Your job is to write out each record exactly, leaving none out.

──────── Extracted material

lemma cayley_embedding_Edg:
  "cayley_embedding Rl (Edg g x s) (Inr (Inl (i, e))) = (if (g, x) = e then s ^ Suc i * (1 - s) else 0)"
  "cayley_embedding Rl (Edg g x s) (Inr (Inr (c, k))) = 0"
  by (simp_all add: cayley_embedding_def cone_ext_def edge_coord_def cell_coord_def)

lemma cayley_embedding_Cel:
  "norm z < 1 \<Longrightarrow> cayley_embedding Rl (Cel g r z) (Inr (Inr (c, k))) =
   (if (g, r) = c then (1 - norm z) * (if k = 0 then 1 else if k = 1 then Re z else Im z) else 0)"
  by (simp add: cayley_embedding_def cell_coord_def)

lemma cayley_embedding_eq_Cel:
  assumes p: "p = Cel g r z" "norm z < 1" and q: "q \<in> topspace (cayley_top \<A> Rl)"
    and eq: "cayley_embedding Rl p = cayley_embedding Rl q"
  shows "p = q"
proof -
  have coord: "cayley_embedding Rl p (Inr (Inr ((g, r), k))) = cayley_embedding Rl q (Inr (Inr ((g, r), k)))"
    for k using eq by simp
  have pos: "cayley_embedding Rl p (Inr (Inr ((g, r), 0))) > 0"
    using p by (simp add: cayley_embedding_Cel)
  from q show ?thesis
  proof (cases rule: topspace_cayley_top_cases)
    case (3 h r' z')
    have "(h, r') = (g, r) \<and> norm z = norm z'"
      using coord[of 0] pos p 3 by (auto simp: cayley_embedding_Cel split: if_splits)
    moreover have "Re z = Re z'" "Im z = Im z'"
      using coord[of 1] coord[of 2] p 3 calculation by (simp_all add: cayley_embedding_Cel)
    ultimately show ?thesis using p 3 by (simp add: complex_eqI)
  qed (use coord[of 0] pos in \<open>simp_all add: cayley_embedding_Vtx cayley_embedding_Edg\<close>)
qed

lemma cayley_embedding_eq_Edg:
  assumes p: "p = Edg g x s" "0 < s" "s < 1" and q: "q \<in> topspace (cayley_top \<A> Rl)"
    and eq: "cayley_embedding Rl p = cayley_embedding Rl q"
  shows "p = q"
proof -
  have coord: "cayley_embedding Rl p (Inr (Inl (i, (g, x)))) = cayley_embedding Rl q (Inr (Inl (i, (g, x))))"
    for i using eq by simp
  have pos: "cayley_embedding Rl p (Inr (Inl (0, (g, x)))) > 0"
    using p by (simp add: cayley_embedding_Edg)
  from q show ?thesis
  proof (cases rule: topspace_cayley_top_cases)
    case (2 h x' s')
    have hx: "(h, x') = (g, x) \<and> s * (1 - s) = s' * (1 - s')"
      using coord[of 0] pos p 2 by (auto simp: cayley_embedding_Edg split: if_splits)
    moreover have "s * (s * (1 - s)) = s' * (s' * (1 - s'))"
      using coord[of 1] p 2 hx by (simp add: cayley_embedding_Edg power2_eq_square mult.assoc)
    then have "s * (s * (1 - s)) = s' * (s * (1 - s))" using hx by simp
    moreover have "s * (1 - s) \<noteq> 0" using p by simp
    ultimately have "s = s'" by simp
    then show ?thesis using p 2 hx by simp
  next
    case (3 h r z)
    then show ?thesis using fun_cong[OF eq, of "Inr (Inr ((h, r), 0))"] p
      by (simp add: cayley_embedding_Edg cayley_embedding_Cel)
  qed (use coord[of 0] pos in \<open>simp_all add: cayley_embedding_Vtx\<close>)
qed

lemma inj_on_cayley_embedding: "inj_on (cayley_embedding Rl) (topspace (cayley_top \<A> Rl))"
proof (rule inj_onI)
  fix p q assume p: "p \<in> topspace (cayley_top \<A> Rl)" and q: "q \<in> topspace (cayley_top \<A> Rl)"
    and eq: "cayley_embedding Rl p = cayley_embedding Rl q"
  from p show "p = q"
  proof (cases rule: topspace_cayley_top_cases)
    case (1 g)
    from q show ?thesis
    proof (cases rule: topspace_cayley_top_cases)
      case (1 h)
      then show ?thesis using fun_cong[OF eq, of "Inl g"] \<open>p = Vtx g\<close>
        by (auto simp: cayley_embedding_Vtx split: if_splits)
    next
      case 2
      then show ?thesis using cayley_embedding_eq_Edg[OF 2 p eq[symmetric]] by simp
    next
      case 3
      then show ?thesis using cayley_embedding_eq_Cel[OF 3 p eq[symmetric]] by simp
    qed
  next
    case 2
    then show ?thesis by (rule cayley_embedding_eq_Edg[OF _ _ _ q eq])
  next
    case 3
    then show ?thesis by (rule cayley_embedding_eq_Cel[OF _ _ q eq])
  qed
qed

lemma Hausdorff_space_cayley_top: "Hausdorff_space (cayley_top \<A> Rl)"
  by (rule Hausdorff_space_injective_preimage[OF _ continuous_map_cayley_embedding inj_on_cayley_embedding])
    (simp add: Hausdorff_space_product_topology)

subsection \<open>Compact sets meet only finitely many cells\<close>

definition base_vertex :: "('v,'l,'r) cpt \<Rightarrow> 'v" where
  "base_vertex p = (case p of Vtx g \<Rightarrow> g | Edg g _ _ \<Rightarrow> g | Cel g _ _ \<Rightarrow> g)"

lemma base_vertex_simps [simp]:
  "base_vertex (Vtx g) = g" "base_vertex (Edg g x s) = g" "base_vertex (Cel g r z) = g"
  by (simp_all add: base_vertex_def)

lemma finite_base_vertex_fibre: "inj_on base_vertex T \<Longrightarrow> finite {p \<in> T. base_vertex p = g}"
  by (rule finite_subset[of _ "{the_inv_into T base_vertex g}"]) (auto simp: the_inv_into_f_eq)

lemma finite_Edg_preimage: "inj_on base_vertex T \<Longrightarrow> finite {s. Edg g x s \<in> T}"
proof -
  assume "inj_on base_vertex T"
  then have "finite (Edg g x -` {p \<in> T. base_vertex p = g})"
    by (intro finite_vimageI finite_base_vertex_fibre) (auto intro: injI)
  then show ?thesis by (simp add: vimage_def)
qed

lemma finite_Cel_preimage: "inj_on base_vertex T \<Longrightarrow> finite {z. Cel g r z \<in> T}"
proof -
  assume "inj_on base_vertex T"
  then have "finite (Cel g r -` {p \<in> T. base_vertex p = g})"
    by (intro finite_vimageI finite_base_vertex_fibre) (auto intro: injI)
  then show ?thesis by (simp add: vimage_def)
qed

────────────────

Task result =>
lemma cayley_embedding_Edg:
  "cayley_embedding Rl (Edg g x s) (Inr (Inl (i, e))) = (if (g, x) = e then s ^ Suc i * (1 - s) else 0)"
  "cayley_embedding Rl (Edg g x s) (Inr (Inr (c, k))) = 0"
  by (simp_all add: cayley_embedding_def cone_ext_def edge_coord_def cell_coord_def)

lemma cayley_embedding_Cel:
  "norm z < 1 \<Longrightarrow> cayley_embedding Rl (Cel g r z) (Inr (Inr (c, k))) =
   (if (g, r) = c then (1 - norm z) * (if k = 0 then 1 else if k = 1 then Re z else Im z) else 0)"
  by (simp add: cayley_embedding_def cell_coord_def)

lemma cayley_embedding_eq_Cel:
  assumes p: "p = Cel g r z" "norm z < 1" and q: "q \<in> topspace (cayley_top \<A> Rl)"
    and eq: "cayley_embedding Rl p = cayley_embedding Rl q"
  shows "p = q"
proof -
  have coord: "cayley_embedding Rl p (Inr (Inr ((g, r), k))) = cayley_embedding Rl q (Inr (Inr ((g, r), k)))"
    for k using eq by simp
  have pos: "cayley_embedding Rl p (Inr (Inr ((g, r), 0))) > 0"
    using p by (simp add: cayley_embedding_Cel)
  from q show ?thesis
  proof (cases rule: topspace_cayley_top_cases)
    case (3 h r' z')
    have "(h, r') = (g, r) \<and> norm z = norm z'"
      using coord[of 0] pos p 3 by (auto simp: cayley_embedding_Cel split: if_splits)
    moreover have "Re z = Re z'" "Im z = Im z'"
      using coord[of 1] coord[of 2] p 3 calculation by (simp_all add: cayley_embedding_Cel)
    ultimately show ?thesis using p 3 by (simp add: complex_eqI)
  qed (use coord[of 0] pos in \<open>simp_all add: cayley_embedding_Vtx cayley_embedding_Edg\<close>)
qed

lemma cayley_embedding_eq_Edg:
  assumes p: "p = Edg g x s" "0 < s" "s < 1" and q: "q \<in> topspace (cayley_top \<A> Rl)"
    and eq: "cayley_embedding Rl p = cayley_embedding Rl q"
  shows "p = q"
proof -
  have coord: "cayley_embedding Rl p (Inr (Inl (i, (g, x)))) = cayley_embedding Rl q (Inr (Inl (i, (g, x))))"
    for i using eq by simp
  have pos: "cayley_embedding Rl p (Inr (Inl (0, (g, x)))) > 0"
    using p by (simp add: cayley_embedding_Edg)
  from q show ?thesis
  proof (cases rule: topspace_cayley_top_cases)
    case (2 h x' s')
    have hx: "(h, x') = (g, x) \<and> s * (1 - s) = s' * (1 - s')"
      using coord[of 0] pos p 2 by (auto simp: cayley_embedding_Edg split: if_splits)
    moreover have "s * (s * (1 - s)) = s' * (s' * (1 - s'))"
      using coord[of 1] p 2 hx by (simp add: cayley_embedding_Edg power2_eq_square mult.assoc)
    then have "s * (s * (1 - s)) = s' * (s * (1 - s))" using hx by simp
    moreover have "s * (1 - s) \<noteq> 0" using p by simp
    ultimately have "s = s'" by simp
    then show ?thesis using p 2 hx by simp
  next
    case (3 h r z)
    then show ?thesis using fun_cong[OF eq, of "Inr (Inr ((h, r), 0))"] p
      by (simp add: cayley_embedding_Edg cayley_embedding_Cel)
  qed (use coord[of 0] pos in \<open>simp_all add: cayley_embedding_Vtx\<close>)
qed

lemma inj_on_cayley_embedding: "inj_on (cayley_embedding Rl) (topspace (cayley_top \<A> Rl))"
proof (rule inj_onI)
  fix p q assume p: "p \<in> topspace (cayley_top \<A> Rl)" and q: "q \<in> topspace (cayley_top \<A> Rl)"
    and eq: "cayley_embedding Rl p = cayley_embedding Rl q"
  from p show "p = q"
  proof (cases rule: topspace_cayley_top_cases)
    case (1 g)
    from q show ?thesis
    proof (cases rule: topspace_cayley_top_cases)
      case (1 h)
      then show ?thesis using fun_cong[OF eq, of "Inl g"] \<open>p = Vtx g\<close>
        by (auto simp: cayley_embedding_Vtx split: if_splits)
    next
      case 2
      then show ?thesis using cayley_embedding_eq_Edg[OF 2 p eq[symmetric]] by simp
    next
      case 3
      then show ?thesis using cayley_embedding_eq_Cel[OF 3 p eq[symmetric]] by simp
    qed
  next
    case 2
    then show ?thesis by (rule cayley_embedding_eq_Edg[OF _ _ _ q eq])
  next
    case 3
    then show ?thesis by (rule cayley_embedding_eq_Cel[OF _ _ q eq])
  qed
qed

lemma Hausdorff_space_cayley_top: "Hausdorff_space (cayley_top \<A> Rl)"
  by (rule Hausdorff_space_injective_preimage[OF _ continuous_map_cayley_embedding inj_on_cayley_embedding])
    (simp add: Hausdorff_space_product_topology)

subsection \<open>Compact sets meet only finitely many cells\<close>

definition base_vertex :: "('v,'l,'r) cpt \<Rightarrow> 'v" where
  "base_vertex p = (case p of Vtx g \<Rightarrow> g | Edg g _ _ \<Rightarrow> g | Cel g _ _ \<Rightarrow> g)"

lemma base_vertex_simps [simp]:
  "base_vertex (Vtx g) = g" "base_vertex (Edg g x s) = g" "base_vertex (Cel g r z) = g"
  by (simp_all add: base_vertex_def)

lemma finite_base_vertex_fibre: "inj_on base_vertex T \<Longrightarrow> finite {p \<in> T. base_vertex p = g}"
  by (rule finite_subset[of _ "{the_inv_into T base_vertex g}"]) (auto simp: the_inv_into_f_eq)

lemma finite_Edg_preimage: "inj_on base_vertex T \<Longrightarrow> finite {s. Edg g x s \<in> T}"
proof -
  assume "inj_on base_vertex T"
  then have "finite (Edg g x -` {p \<in> T. base_vertex p = g})"
    by (intro finite_vimageI finite_base_vertex_fibre) (auto intro: injI)
  then show ?thesis by (simp add: vimage_def)
qed

lemma finite_Cel_preimage: "inj_on base_vertex T \<Longrightarrow> finite {z. Cel g r z \<in> T}"
proof -
  assume "inj_on base_vertex T"
  then have "finite (Cel g r -` {p \<in> T. base_vertex p = g})"
    by (intro finite_vimageI finite_base_vertex_fibre) (auto intro: injI)
  then show ?thesis by (simp add: vimage_def)
qed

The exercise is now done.